▸ **Problem description**: Your answer should be every line from the records that contains "where".

Stored data
lemma heir_scale_bounds:
  fixes Q S C m r \<nu> y :: real
  assumes \<nu>: "\<nu> \<ge> 1" and C: "C > 0" and m: "m \<ge> 128 * C * \<nu>" and S: "S \<ge> 1"
    and y: "y = 3 * \<nu> * r * S" and y_large: "48 * \<nu> + 3 \<le> y" and Q: "Q \<le> 4 * (C * y + C)"
  shows "(4 + 8 * Q / m) / S \<le> r" and "Q / m \<le> 1 + (y - S * (\<nu> * r)) / \<nu>"
proof -
  have m_pos: "m > 0" using m C \<nu> by (smt (verit) mult_pos_pos)
  have "Q / m \<le> 4 * C * (y + 1) / (128 * C * \<nu>)"
    using Q m m_pos C \<nu> y_large by (intro frac_le) (auto simp: algebra_simps)
  also have "\<dots> = (y + 1) / (32 * \<nu>)"
    using C \<nu> by (simp add: field_simps)
  finally have Q_m: "Q / m \<le> (y + 1) / (32 * \<nu>)" .
  have "4 + (y + 1) / (4 * \<nu>) \<le> y / (3 * \<nu>)"
    using mult_left_mono[OF y_large, of \<nu>] \<nu> by (simp add: field_simps)
  moreover have "8 * Q / m \<le> (y + 1) / (4 * \<nu>)"
    using Q_m m_pos \<nu> by (simp add: field_simps)
  moreover have "y / (3 * \<nu>) = r * S" using y \<nu> by simp
  ultimately have "4 + 8 * Q / m \<le> r * S" by linarith
  then show "(4 + 8 * Q / m) / S \<le> r" using S by (simp add: divide_le_eq mult.commute)
  have "(y + 1) / (32 * \<nu>) \<le> 1 + (y - S * (\<nu> * r)) / \<nu>"
    using y y_large \<nu> by (simp add: field_simps)
  with Q_m show "Q / m \<le> 1 + (y - S * (\<nu> * r)) / \<nu>" by linarith
qed

lemma heir_cutoff_at_scale:
  fixes \<omega> \<sigma> :: "real \<Rightarrow> real"
  assumes \<omega>: "weight_function \<omega>" and \<sigma>: "weight_function \<sigma>" and \<sigma>_little_o: "\<sigma> \<in> o[at_top](\<lambda>t. t)"
    and C: "C > 0"
    and integral: "\<And>t. t > 0 \<Longrightarrow>
      (\<integral>\<^sup>+ u\<in>{1..}. ennreal (\<omega> (t * u) / u\<^sup>2) \<partial>lborel) \<le> ennreal (C * \<sigma> t + C)"
    and \<nu>: "\<nu> \<ge> 1" and m: "m \<ge> 128 * C * \<nu>" and r: "r > 0"
    and scale: "\<exists>S\<ge>1. \<sigma> S = 3 * \<nu> * r * S \<and> 48 * \<nu> + 3 \<le> \<sigma> S"
  shows "\<exists>g. smooth_fun g \<and> (\<forall>x. 0 \<le> g x \<and> g x \<le> 1) \<and>
           (\<forall>x. x \<le> -r \<longrightarrow> g x = 0) \<and> (\<forall>x. x \<ge> r \<longrightarrow> g x = 1) \<and>
           (\<forall>x j. \<bar>(deriv ^^ j) g x\<bar> / weight_matrix \<omega> m j
                   \<le> exp 1 * exp (sigma_star \<sigma> (\<nu> * r) / \<nu>))"
proof -
  obtain S where S: "S \<ge> 1" and \<sigma>S: "\<sigma> S = 3 * \<nu> * r * S" and \<sigma>S_large: "48 * \<nu> + 3 \<le> \<sigma> S"
    using scale by blast
  define Q where "Q = (\<Sum>p. \<omega> (S * 2^p) / 2^p)"
  have m_pos: "m > 0" using m C \<nu> by (smt (verit) mult_pos_pos)
  have "\<sigma> S \<ge> 0" using \<sigma> S by (simp add: weight_function_def)
  then have summable: "summable (\<lambda>p. \<omega> (S * 2^p) / 2^p)" and "Q \<le> 4 * (C * \<sigma> S + C)"
    using dyadic_sum_le_integral[of \<omega> S "C * \<sigma> S + C"] \<omega> S C integral[of S]
    by (auto simp: weight_function_def Q_def)
  then have length: "(4 + 8 * Q / m) / S \<le> r"
    and Q_m: "Q / m \<le> 1 + (\<sigma> S - S * (\<nu> * r)) / \<nu>"
    using heir_scale_bounds[OF \<nu> C m S \<sigma>S \<sigma>S_large] by auto
  have "\<sigma> S - S * (\<nu> * r) \<le> sigma_star \<sigma> (\<nu> * r)"
    using \<nu> r S by (intro sigma_star_ge \<sigma> \<sigma>_little_o) auto
  then have "Q / m \<le> 1 + sigma_star \<sigma> (\<nu> * r) / \<nu>"
    using Q_m divide_right_mono[of _ _ \<nu>] \<nu> by fastforce
  then have exp_Q_m: "exp (Q / m) \<le> exp 1 * exp (sigma_star \<sigma> (\<nu> * r) / \<nu>)"
    by (simp add: exp_add[symmetric])
  obtain g where g: "smooth_fun g" "\<forall>x. 0 \<le> g x \<and> g x \<le> 1" "\<forall>x. x \<le> -r \<longrightarrow> g x = 0"
      "\<forall>x. x \<ge> -r + r + (4 + 8 * Q / m) / S \<longrightarrow> g x = 1"
      "\<forall>j x. \<bar>(deriv ^^ j) g x\<bar> \<le> exp (Q / m) * weight_matrix \<omega> m j"
    using weight_matrix_cutoff_exists[OF \<omega> S m_pos summable r, of "-r"] unfolding Q_def by blast
  show ?thesis
  proof (intro exI[of _ g] conjI allI impI)
    fix x j
    have W_pos: "weight_matrix \<omega> m j > 0" by (simp add: weight_matrix_def)
    have "\<bar>(deriv ^^ j) g x\<bar> \<le> exp 1 * exp (sigma_star \<sigma> (\<nu> * r) / \<nu>) * weight_matrix \<omega> m j"
      using g(5) mult_right_mono[OF exp_Q_m, of "weight_matrix \<omega> m j"] W_pos
      by (meson less_imp_le order_trans)
    then show "\<bar>(deriv ^^ j) g x\<bar> / weight_matrix \<omega> m j \<le> exp 1 * exp (sigma_star \<sigma> (\<nu> * r) / \<nu>)"
      using W_pos by (simp add: divide_le_eq)
  qed (use g length in auto)
qed

theorem lemma4p6:
  fixes \<omega> \<sigma> :: "real \<Rightarrow> real"
  assumes "weight_function \<omega>" and "non_quasianalytic \<omega>" and "concave_weight \<omega>"
    and "heir \<omega> \<sigma>"
  shows "\<forall>n::nat. n > 0 \<longrightarrow>
    (\<exists>m::nat. m > 0 \<and> (\<exists>M::real. M > 0 \<and> (\<exists>r0::real. 0 < r0 \<and> r0 < 1/2 \<and>
      (\<forall>r. 0 < r \<and> r < r0 \<longrightarrow>
        (\<exists>g :: real \<Rightarrow> real. smooth_fun g \<and>
           (\<forall>x. 0 \<le> g x \<and> g x \<le> 1) \<and>
           (\<forall>x. x \<le> -r \<longrightarrow> g x = 0) \<and>
           (\<forall>x. x \<ge> r \<longrightarrow> g x = 1) \<and>
           (\<forall>x j. \<bar>(deriv ^^ j) g x\<bar> / weight_matrix \<omega> (real m) j
                   \<le> M * exp (sigma_star \<sigma> (real n * r) / real n)))))))"
proof (intro allI impI)
  fix n :: nat assume "n > 0"
  have \<sigma>: "weight_function \<sigma>" and \<sigma>_little_o: "\<sigma> \<in> o[at_top](\<lambda>t. t)"
    using \<open>heir \<omega> \<sigma>\<close> by (auto simp: heir_def)
  obtain C where "C > 0" and integral: "\<And>t. t > 0 \<Longrightarrow>
      (\<integral>\<^sup>+ u\<in>{1..}. ennreal (\<omega> (t * u) / u\<^sup>2) \<partial>lborel) \<le> ennreal (C * \<sigma> t + C)"
    using \<open>heir \<omega> \<sigma>\<close> by (auto simp: heir_def)
  define m :: nat where "m = nat \<lceil>128 * C * real n\<rceil> + 1"
  have "m > 0" and m: "real m \<ge> 128 * C * real n" unfolding m_def by linarith+
  obtain r0 where "r0 > 0" and scale: "\<And>r. 0 < r \<Longrightarrow> r < r0 \<Longrightarrow>
      \<exists>S\<ge>1. \<sigma> S = 3 * real n * r * S \<and> 48 * real n + 3 \<le> \<sigma> S"
    using sigma_eq_linear_scale_exists[OF \<sigma> \<sigma>_little_o, of "3 * real n" "48 * real n + 3"] \<open>n > 0\<close>
    by auto
  show "\<exists>m>0. \<exists>M>0. \<exists>r0>0. r0 < 1/2 \<and> (\<forall>r. 0 < r \<and> r < r0 \<longrightarrow> (\<exists>g. smooth_fun g \<and>
           (\<forall>x. 0 \<le> g x \<and> g x \<le> 1) \<and> (\<forall>x. x \<le> -r \<longrightarrow> g x = 0) \<and> (\<forall>x. x \<ge> r \<longrightarrow> g x = 1) \<and>
           (\<forall>x j. \<bar>(deriv ^^ j) g x\<bar> / weight_matrix \<omega> (real m) j
                   \<le> M * exp (sigma_star \<sigma> (real n * r) / real n))))"
    by (rule exI[of _ m], rule conjI[OF \<open>m > 0\<close>], rule exI[of _ "exp 1"], rule conjI[OF exp_gt_zero],
        rule exI[of _ "min r0 (1/4)"])
      (use \<open>r0 > 0\<close> \<open>n > 0\<close> scale m in
        \<open>auto intro!: heir_cutoff_at_scale[OF \<open>weight_function \<omega>\<close> \<sigma> \<sigma>_little_o \<open>C > 0\<close> integral]\<close>)
qed

end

▸ **Response**:
  obtain S where S: "S \<ge> 1" and \<sigma>S: "\<sigma> S = 3 * \<nu> * r * S" and \<sigma>S_large: "48 * \<nu> + 3 \<le> \<sigma> S"
  define Q where "Q = (\<Sum>p. \<omega> (S * 2^p) / 2^p)"
  obtain g where g: "smooth_fun g" "\<forall>x. 0 \<le> g x \<and> g x \<le> 1" "\<forall>x. x \<le> -r \<longrightarrow> g x = 0"
  obtain C where "C > 0" and integral: "\<And>t. t > 0 \<Longrightarrow>
  define m :: nat where "m = nat \<lceil>128 * C * real n\<rceil> + 1"
  obtain r0 where "r0 > 0" and scale: "\<And>r. 0 < r \<Longrightarrow> r < r0 \<Longrightarrow>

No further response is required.